# IR-QLoRA

**Repository Path**: xuyangyan/IR-QLoRA

## Basic Information

- **Project Name**: IR-QLoRA
- **Description**: No description available
- **Primary Language**: Unknown
- **License**: Not specified
- **Default Branch**: main
- **Homepage**: None
- **GVP Project**: No

## Statistics

- **Stars**: 0
- **Forks**: 0
- **Created**: 2024-03-07
- **Last Updated**: 2024-03-07

## Categories & Tags

**Categories**: Uncategorized

**Tags**: None

## README

# IR-QLoRA

Created by Haotong Qin, Xudong Ma, Xingyu Zheng, Xiaoyang Li, Yang Zhang, Shouda Liu, Jie Luo, Xianglong Liu and Michele Magno from Beihang University, Bytedance AI Lab, and ETH Zürich. [[arXiv](https://arxiv.org/abs/2402.05445)]

## Introduction

This project is the official implementation of our [Accurate LoRA-Finetuning Quantization of LLMs via Information Retention]().
The LoRA-finetuning quantization of LLMs has been extensively studied to obtain accurate yet compact LLMs for deployment on resource-constrained hardware. However, existing methods cause the quantized LLM to severely degrade and even fail to benefit from the finetuning of LoRA. This paper proposes a novel **IR-QLoRA** for pushing quantized LLMs with LoRA to be highly accurate through information retention. The proposed IR-QLoRA mainly relies on two technologies derived from the perspective of unified information: (1) statistics-based *Information Calibration Quantization* allows the quantized parameters of LLM to retain original information accurately; (2) finetuning-based *Information Elastic Connection* makes LoRA utilizes elastic representation transformation with diverse information. Comprehensive experiments show that IR-QLoRA can significantly improve accuracy across LLaMA and LLaMA2 families under 2-4 bit-widths, *e.g.*, 4-bit LLaMA-7B achieves 1.4% improvement on MMLU compared with the state-of-the-art methods. The significant performance gain requires only a tiny 0.31% additional time consumption, revealing the satisfactory efficiency of our IR-QLoRA. We highlight that IR-QLoRA enjoys excellent versatility, compatible with various frameworks (*e.g.*, NormalFloat and Integer quantization) and brings general accuracy gains.

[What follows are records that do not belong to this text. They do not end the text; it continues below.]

lemma expected_norm_Gk_eq_subset_average:
  assumes "k \<le> m"
  shows "expected_norm_Gk N f m k x
           = subset_average {1..m} k (\<lambda>S. N (average (\<lambda>i. grad (f i) x) S))"
proof -
  have "batches m k = pmf_of_set (subsets_of_card {1..m} k)"
    by (simp add: batches_def subsets_of_card_def)
  then show ?thesis
    using assms
    by (simp add: expected_norm_Gk_def integral_pmf_of_set subsets_of_card_nonempty
        finite_subsets_of_card card_subsets_of_card subset_average_def minibatch_def average_def)
qed

lemma grad_has_derivative:
  fixes g :: "real^'n \<Rightarrow> real"
  assumes "g differentiable (at x)"
  shows "(g has_derivative (\<lambda>h. grad g x \<bullet> h)) (at x)"
proof -
  obtain D where D: "(g has_derivative D) (at x)"
    using assms unfolding differentiable_def by blast
  interpret D: linear D
    using has_derivative_linear[OF D] .
  have "D = (\<lambda>h. (\<Sum>b\<in>Basis. D b *\<^sub>R b) \<bullet> h)"
  proof
    fix h
    have "D h = D (\<Sum>b\<in>Basis. (h \<bullet> b) *\<^sub>R b)"
      by (simp add: euclidean_representation)
    also have "\<dots> = (\<Sum>b\<in>Basis. D b *\<^sub>R b) \<bullet> h"
      by (simp add: D.sum D.scale inner_sum_left inner_commute[of h] mult.commute)
    finally show "D h = (\<Sum>b\<in>Basis. D b *\<^sub>R b) \<bullet> h" .
  qed
  with D have "\<exists>v. (g has_derivative (\<lambda>h. v \<bullet> h)) (at x)"
    by metis
  then show ?thesis
    unfolding grad_def by (rule someI_ex)
qed

lemma grad_eqI:
  fixes g :: "real^'n \<Rightarrow> real"
  assumes "(g has_derivative (\<lambda>h. v \<bullet> h)) (at x)"
  shows "grad g x = v"
proof -
  have "g differentiable (at x)"
    using assms unfolding differentiable_def by blast
  then have "(\<lambda>h. grad g x \<bullet> h) = (\<lambda>h. v \<bullet> h)"
    using has_derivative_unique[OF grad_has_derivative assms] by blast
  then show ?thesis
    by (metis euclidean_eqI inner_commute)
qed

lemma grad_average:
  fixes f :: "'i \<Rightarrow> real^'n \<Rightarrow> real"
  assumes "\<And>i. i \<in> I \<Longrightarrow> f i differentiable (at x)"
  shows "grad (\<lambda>y. (1 / real (card I)) * (\<Sum>i\<in>I. f i y)) x = average (\<lambda>i. grad (f i) x) I"
proof (rule grad_eqI)
  have sum_derivative: "((\<lambda>y. \<Sum>i\<in>I. f i y) has_derivative (\<lambda>h. \<Sum>i\<in>I. grad (f i) x \<bullet> h)) (at x)"
    using assms by (intro has_derivative_sum grad_has_derivative)
  show "((\<lambda>y. (1 / real (card I)) * (\<Sum>i\<in>I. f i y))
               has_derivative (\<lambda>h. average (\<lambda>i. grad (f i) x) I \<bullet> h)) (at x)"
    using has_derivative_mult_right[OF sum_derivative, of "1 / real (card I)"]
    by (simp add: average_def inner_sum_left)
qed

theorem theorem4p6:
  fixes f :: "nat \<Rightarrow> real^'n \<Rightarrow> real" and N :: "real^'n \<Rightarrow> real"
    and m :: nat and x :: "real^'n"
  assumes "m \<ge> 1"
    and "\<And>i y. i \<in> {1..m} \<Longrightarrow> f i differentiable (at y)"
    and "is_norm N"
  shows "(\<forall>k k'. 1 \<le> k \<and> k \<le> k' \<and> k' \<le> m \<longrightarrow>
             expected_norm_Gk N f m k' x \<le> expected_norm_Gk N f m k x)
       \<and> (\<forall>k. 1 \<le> k \<and> k \<le> m - 1 \<longrightarrow>
             expected_norm_Gk N f m k x
               \<le> real m / real k * N (grad (\<lambda>y. (1 / real m) * (\<Sum>i=1..m. f i y)) x)
                 + real (m - k) / real k * expected_norm_Gk N f m (m - k) x)"
proof -
  define g where "g = (\<lambda>i. grad (f i) x)"
  have grad_f: "grad (\<lambda>y. (1 / real m) * (\<Sum>i=1..m. f i y)) x = average g {1..m}"
    using grad_average[of "{1..m}" f x] assms(2) by (simp add: g_def)
  have expectation: "expected_norm_Gk N f m k x = subset_average {1..m} k (\<lambda>S. N (average g S))"
    if "k \<le> m" for k
    using expected_norm_Gk_eq_subset_average[OF that] by (simp add: g_def)
  show ?thesis
    unfolding grad_f
    using subset_average_norm_average_antimono[OF assms(3), of "{1..m}"]
      subset_average_norm_average_le_complement[OF assms(3), of "{1..m}"]
    by (auto simp: expectation)
qed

![loading-ag-172](./imgs/overview.png)

## Getting Started

This tutorial uses the Alpaca dataset as an example to perform IR-QLoRA fine-tuning on the LLaMA-7B model in PyTorch.

### Fine-tune
The `irqlora.py` code is a starting point for finetuning and inference on various datasets. Basic command for finetuning a baseline model on the Alpaca dataset:

```bash
python irqlora.py --model_name_or_path <path_or_name>
```

We provide a script in `scripts/finetune.sh` file for fine-tuning on alpaca, and you are free to adjust its parameters to get the results you want.

### Evaluation

To evaluate the fine-tuned model, you can use the `evaluate_mmlu.py` script. Basic command for evaluating a fine-tuned model on the MMLU dataset:

```bash
python evaluate_mmlu.py --model_name_or_path <path_or_name> --lora_ckpt_dir <lora_checkpoint_dir>
```

We provide a script in `scripts/evaluate_mmlu.sh` file for evaluating on mmlu (5-shot).